I joined Hannes Snellman as a finance trainee in the summer of 2010, after which I remained as a part-time trainee to assist in projects in the autumn of 2010. Officially, I started as a lawyer after my graduation at the beginning of 2011.
What is your professional background?
During my studies, I worked in Nordea’s trade finance and derivative operations and in the KPMG transaction services team. After my graduation, I have spent my whole career in Hannes Snellman’s Finance team, excluding my secondment of five months at Pohjola Pankki (now OP Yrityspankki) at the turn of 2014-2015.
What have your last projects been like?
The work of a finance lawyer consists of projects, and the tasks vary accordingly. The tasks include drafting agreements, investigations, and project management. Overall, I do all kinds of assignments that are somehow related to debt instruments, for example in the case of mergers. Of course, there are other assignments related to contract and company law that vary from one side to the other. Recently, the assignments I have worked on have included aircraft financing, hybrid bonds, collateral and debt consolidation, and traditional bank financing.
What kind of skills are required from a good finance lawyer?
There are many skills I could list but I think what is key is having an interest towards financial law. My interest started during my studies in the production industry, and when I began my studies in law, I also decided to include studies in economics.
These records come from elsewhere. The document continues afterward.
(* For every subset $I$ of the positive integers, the relation $\leq_I$ is a partial order on the set of planar forests.
   Context: Planar rooted trees have their children linearly ordered left to right; a planar forest is a finite, possibly empty, sequence $t_1\cdots t_n$ of planar rooted trees. Orders on vertices: $s\geq_{high}s'$ iff $s'=s$ or $s'$ is an ancestor of $s$; for $\geq_{high}$-incomparable $s,s'$, $s\geq_{left}s'$ iff $s\in t_i,s'\in t_j$ with $i<j$, or both lie in $t_i$ and $s\geq_{left}s'$ in the forest obtained from $t_i$ by deleting its root (recursively); $s\geq_{h,l}s'$ iff $s\geq_{high}s'$ or $s\geq_{left}s'$ (a total order). Number the vertices of a forest $F$ of weight $n$ as $s_1\geq_{h,l}\cdots\geq_{h,l}s_n$. Admissible transformations: let $s$ be a vertex of $F$ which is the leftmost child of its parent $u$. (First kind) if $u$ is not a root, with parent $r$, detach the subtree rooted at $s$ and graft it as a child of $r$ placed immediately to the left of $u$; (second kind) if $u$ is a root, detach the subtree rooted at $s$ and insert it as a new tree of the forest immediately to the left of the tree of $u$. Everything else is unchanged. Such a transformation holds on $s$; it is a $j$-transformation if $s=s_j$. For $I$ a set of positive integers and forests $F,G$, $F\leq_I G$ iff there is a finite sequence $F=F_0,F_1,\dots,F_k=G$ ($k\geq0$) such that each $F_{i+1}$ is obtained from $F_i$ by a $j$-transformation for some $j\in I$. *)

theory Defs
  imports Main
begin

text \<open>Planar rooted trees: a vertex with a (left-to-right ordered) list of children.
  A planar forest is a finite (possibly empty) list of planar rooted trees.\<close>
datatype ptree = Node "ptree list"

type_synonym pforest = "ptree list"

text \<open>Vertices of a forest are addressed by nonempty paths: the first entry is the
  index of the tree in the forest, each further entry is the index of a child.\<close>
fun is_vertex :: "pforest \<Rightarrow> nat list \<Rightarrow> bool" where
  "is_vertex ts [] = False"
| "is_vertex ts [i] = (i < length ts)"
| "is_vertex ts (i # j # p) = (i < length ts \<and> (case ts ! i of Node cs \<Rightarrow> is_vertex cs (j # p)))"

definition vertices :: "pforest \<Rightarrow> nat list set" where
  "vertices F = {s. is_vertex F s}"

definition weight :: "pforest \<Rightarrow> nat" where
  "weight F = card (vertices F)"

text \<open>s \<ge>_high s' iff s' = s or s' is an ancestor of s (i.e. the path of s' is a prefix of that of s).\<close>
definition high_ge :: "nat list \<Rightarrow> nat list \<Rightarrow> bool" where
  "high_ge s s' = (\<exists>q. s = s' @ q)"

text \<open>s \<ge>_left s' (meaningful for \<ge>_high-incomparable vertices): s lies in an earlier tree,
  or both lie in the same tree and, recursively, s \<ge>_left s' in the forest obtained by
  deleting the root.\<close>
fun left_ge :: "nat list \<Rightarrow> nat list \<Rightarrow> bool" where
  "left_ge (i # p) (j # q) = (i < j \<or> (i = j \<and> left_ge p q))"
| "left_ge _ _ = False"

definition hl_ge :: "nat list \<Rightarrow> nat list \<Rightarrow> bool" where
  "hl_ge s s' = (high_ge s s' \<or> (\<not> high_ge s s' \<and> \<not> high_ge s' s \<and> left_ge s s'))"

text \<open>The j-th vertex s_j in the numbering s_1 \<ge>_{h,l} ... \<ge>_{h,l} s_n (1-indexed):
  the vertex having exactly j-1 vertices strictly above it.\<close>
definition vertex_num :: "pforest \<Rightarrow> nat \<Rightarrow> nat list" where
  "vertex_num F j = (THE s. s \<in> vertices F \<and>
       card {s' \<in> vertices F. hl_ge s' s \<and> s' \<noteq> s} = j - 1)"

text \<open>Apply a function to the list of children of the vertex at path p
  (for p = [] to the list of trees of the forest itself).\<close>
fun modify_at :: "nat list \<Rightarrow> (pforest \<Rightarrow> pforest) \<Rightarrow> pforest \<Rightarrow> pforest" where
  "modify_at [] f ts = f ts"
| "modify_at (i # p) f ts = ts[i := (case ts ! i of Node cs \<Rightarrow> Node (modify_at p f cs))]"

text \<open>In a list of siblings cs, detach the leftmost child of cs!k (together with its subtree)
  and place it immediately to the left of cs!k.\<close>
definition promote :: "nat \<Rightarrow> pforest \<Rightarrow> pforest" where
  "promote k cs = (case cs ! k of Node ds \<Rightarrow> take k cs @ [hd ds, Node (tl ds)] @ drop (Suc k) cs)"

text \<open>Admissible transformation holding on the vertex s: s is the leftmost child (index 0)
  of its parent u = r @ [k].  If r \<noteq> [] (u not a root, with parent r) this is the first
  kind; if r = [] (u is the root of the k-th tree) it is the second kind.\<close>
definition adm_trans :: "pforest \<Rightarrow> nat list \<Rightarrow> pforest \<Rightarrow> bool" where
  "adm_trans F s G = (s \<in> vertices F \<and>
     (\<exists>r k. s = r @ [k, 0] \<and> G = modify_at r (promote k) F))"

definition j_trans :: "nat \<Rightarrow> pforest \<Rightarrow> pforest \<Rightarrow> bool" where
  "j_trans j F G = (1 \<le> j \<and> j \<le> weight F \<and> adm_trans F (vertex_num F j) G)"

definition le_I :: "nat set \<Rightarrow> pforest \<Rightarrow> pforest \<Rightarrow> bool" where
  "le_I I = (\<lambda>F G. \<exists>j\<in>I. j_trans j F G)\<^sup>*\<^sup>*"

end

theory Submission
  imports Defs
begin

text \<open>Each admissible transformation moves a whole subtree one level up and leaves everything
  else in place, so it lowers the sum of the depths of all vertices by the (positive) size of that
  subtree. A relation whose steps strictly decrease a natural-number potential has an acyclic
  reflexive-transitive closure, and a reflexive-transitive closure is always a preorder.\<close>

lemma partial_order_rtrancl_if_decreasing:
  fixes f :: "'a \<Rightarrow> nat"
  assumes "\<And>x y. (x, y) \<in> r \<Longrightarrow> f y < f x"
  shows "partial_order_on UNIV (r\<^sup>*)"
proof -
  have "r\<inverse> \<subseteq> measure f" using assms by auto
  then have "wf (r\<inverse>)" by (rule wf_subset[OF wf_measure])
  then have "acyclic r" using wf_acyclic by fastforce
  then show ?thesis
    unfolding partial_order_on_def preorder_on_def
    by (simp add: refl_rtrancl trans_rtrancl acyclic_impl_antisym_rtrancl)
qed

fun children :: "ptree \<Rightarrow> pforest" where
  "children (Node cs) = cs"

fun tree_size :: "ptree \<Rightarrow> nat" where
  "tree_size (Node cs) = Suc (\<Sum>c\<leftarrow>cs. tree_size c)"

text \<open>Sum over all vertices of their depth below the root.\<close>
fun depth_sum :: "ptree \<Rightarrow> nat" where
  "depth_sum (Node cs) = (\<Sum>c\<leftarrow>cs. depth_sum c + tree_size c)"

definition forest_size :: "pforest \<Rightarrow> nat" where
  "forest_size ts = (\<Sum>t\<leftarrow>ts. tree_size t)"

definition forest_depth_sum :: "pforest \<Rightarrow> nat" where
  "forest_depth_sum ts = (\<Sum>t\<leftarrow>ts. depth_sum t)"

lemma depth_sum_Node: "depth_sum (Node cs) = forest_depth_sum cs + forest_size cs"
  unfolding forest_depth_sum_def forest_size_def by (induct cs) auto

lemma tree_size_Node: "tree_size (Node cs) = Suc (forest_size cs)"
  by (simp add: forest_size_def)

lemma tree_size_pos: "0 < tree_size t"
  by (cases t) simp

lemma is_vertex_Cons:
  "q \<noteq> [] \<Longrightarrow> is_vertex ts (i # q) \<longleftrightarrow> i < length ts \<and> is_vertex (children (ts ! i)) q"
  by (cases q; cases "ts ! i") auto

lemma promote_size_depth_sum:
  assumes "k < length cs" "children (cs ! k) \<noteq> []"
  shows "forest_size (promote k cs) = forest_size cs"
    and "forest_depth_sum (promote k cs) < forest_depth_sum cs"
proof -
  obtain h t where k: "cs ! k = Node (h # t)"
    using assms(2) by (cases "cs ! k" rule: children.cases) (auto simp: neq_Nil_conv)
  have cs: "cs = take k cs @ Node (h # t) # drop (Suc k) cs"
    using id_take_nth_drop[OF assms(1)] unfolding k .
  have promote: "promote k cs = take k cs @ h # Node t # drop (Suc k) cs"
    unfolding promote_def using k by simp
  show "forest_size (promote k cs) = forest_size cs"
    unfolding forest_size_def promote by (subst (2) cs) simp
  show "forest_depth_sum (promote k cs) < forest_depth_sum cs"
    unfolding forest_depth_sum_def promote
    by (subst (2) cs) (simp add: tree_size_pos)
qed

lemma forest_size_list_update:
  "i < length ts \<Longrightarrow> tree_size t = tree_size (ts ! i) \<Longrightarrow> forest_size (ts[i := t]) = forest_size ts"
  unfolding forest_size_def by (simp add: map_update sum_list_update)

lemma forest_depth_sum_list_update_less:
  assumes "i < length ts" "depth_sum t < depth_sum (ts ! i)"
  shows "forest_depth_sum (ts[i := t]) < forest_depth_sum ts"
proof -
  have "depth_sum (ts ! i) \<le> forest_depth_sum ts"
    unfolding forest_depth_sum_def using assms(1) elem_le_sum_list[of i "map depth_sum ts"] by simp
  with assms show ?thesis
    unfolding forest_depth_sum_def by (simp add: map_update sum_list_update)
qed

lemma modify_at_promote_size_depth_sum:
  assumes "is_vertex F (r @ [k, 0])"
  shows "forest_size (modify_at r (promote k) F) = forest_size F
    \<and> forest_depth_sum (modify_at r (promote k) F) < forest_depth_sum F"
  using assms
proof (induction r arbitrary: F)
  case Nil
  then have "k < length F" "children (F ! k) \<noteq> []"
    by (auto simp: is_vertex_Cons split: ptree.splits)
  then show ?case by (simp add: promote_size_depth_sum)
next
  case (Cons i p)
  obtain cs where i: "F ! i = Node cs" by (cases "F ! i")
  then have "i < length F" and "is_vertex cs (p @ [k, 0])"
    using Cons.prems is_vertex_Cons[of "p @ [k, 0]" F i] by auto
  moreover note Cons.IH[OF this(2)]
  ultimately have "tree_size (Node (modify_at p (promote k) cs)) = tree_size (F ! i)"
    and "depth_sum (Node (modify_at p (promote k) cs)) < depth_sum (F ! i)"
    unfolding i tree_size_Node depth_sum_Node by simp_all
  moreover have "modify_at (i # p) (promote k) F = F[i := Node (modify_at p (promote k) cs)]"
    using i by simp
  ultimately show ?case
    using \<open>i < length F\<close> by (simp add: forest_size_list_update forest_depth_sum_list_update_less)
qed

lemma j_trans_forest_depth_sum_less: "j_trans j F G \<Longrightarrow> forest_depth_sum G < forest_depth_sum F"
  unfolding j_trans_def adm_trans_def vertices_def
  using modify_at_promote_size_depth_sum by auto

theorem proposition27:
  fixes I :: "nat set"
  assumes "0 \<notin> I"
  shows "partial_order_on UNIV {(F, G). le_I I F G}"
proof -
  let ?step = "{(F, G). \<exists>j\<in>I. j_trans j F G}"
  have "{(F, G). le_I I F G} = ?step\<^sup>*"
    unfolding le_I_def by (simp add: rtranclp_rtrancl_eq)
  moreover have "partial_order_on UNIV (?step\<^sup>*)"
    by (rule partial_order_rtrancl_if_decreasing[where f = forest_depth_sum])
      (auto intro: j_trans_forest_depth_sum_less)
  ultimately show ?thesis by simp
qed

end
This is also how I ended up studying my bachelor’s and master’s degrees in business administration while doing my law studies, which increased my interest towards financing. Although commercial degrees or studies are not a requirement for a good finance lawyer, they can help you to understand questions related to financial law.
How do cross-border collaboration and internationality show in your work?
Hannes Snellman has offices in Helsinki and Stockholm. I have a lot of contact with my Swedish colleagues and work with them on a regular basis. In addition to nice co-workers, the international nature of financial transactions encourages us to communicate, as most of the assignments have an international interface in practice. This also has a direct impact on working methods: most of the financial documentation, even if it only applies to Finnish parties, is in English.
What is the best part and what is the most challenging part about your work?
The best and the most challenging things about my work are practically the same thing. You have to learn new things all the time. This has kept the work interesting, and I believe that this will continue in the future.
Do you have time for any free-time activities?
Although the work can be quite hectic at times, there is also time for hobbies. On weekdays, I regularly play tennis and badminton, and the holidays I usually spend travelling.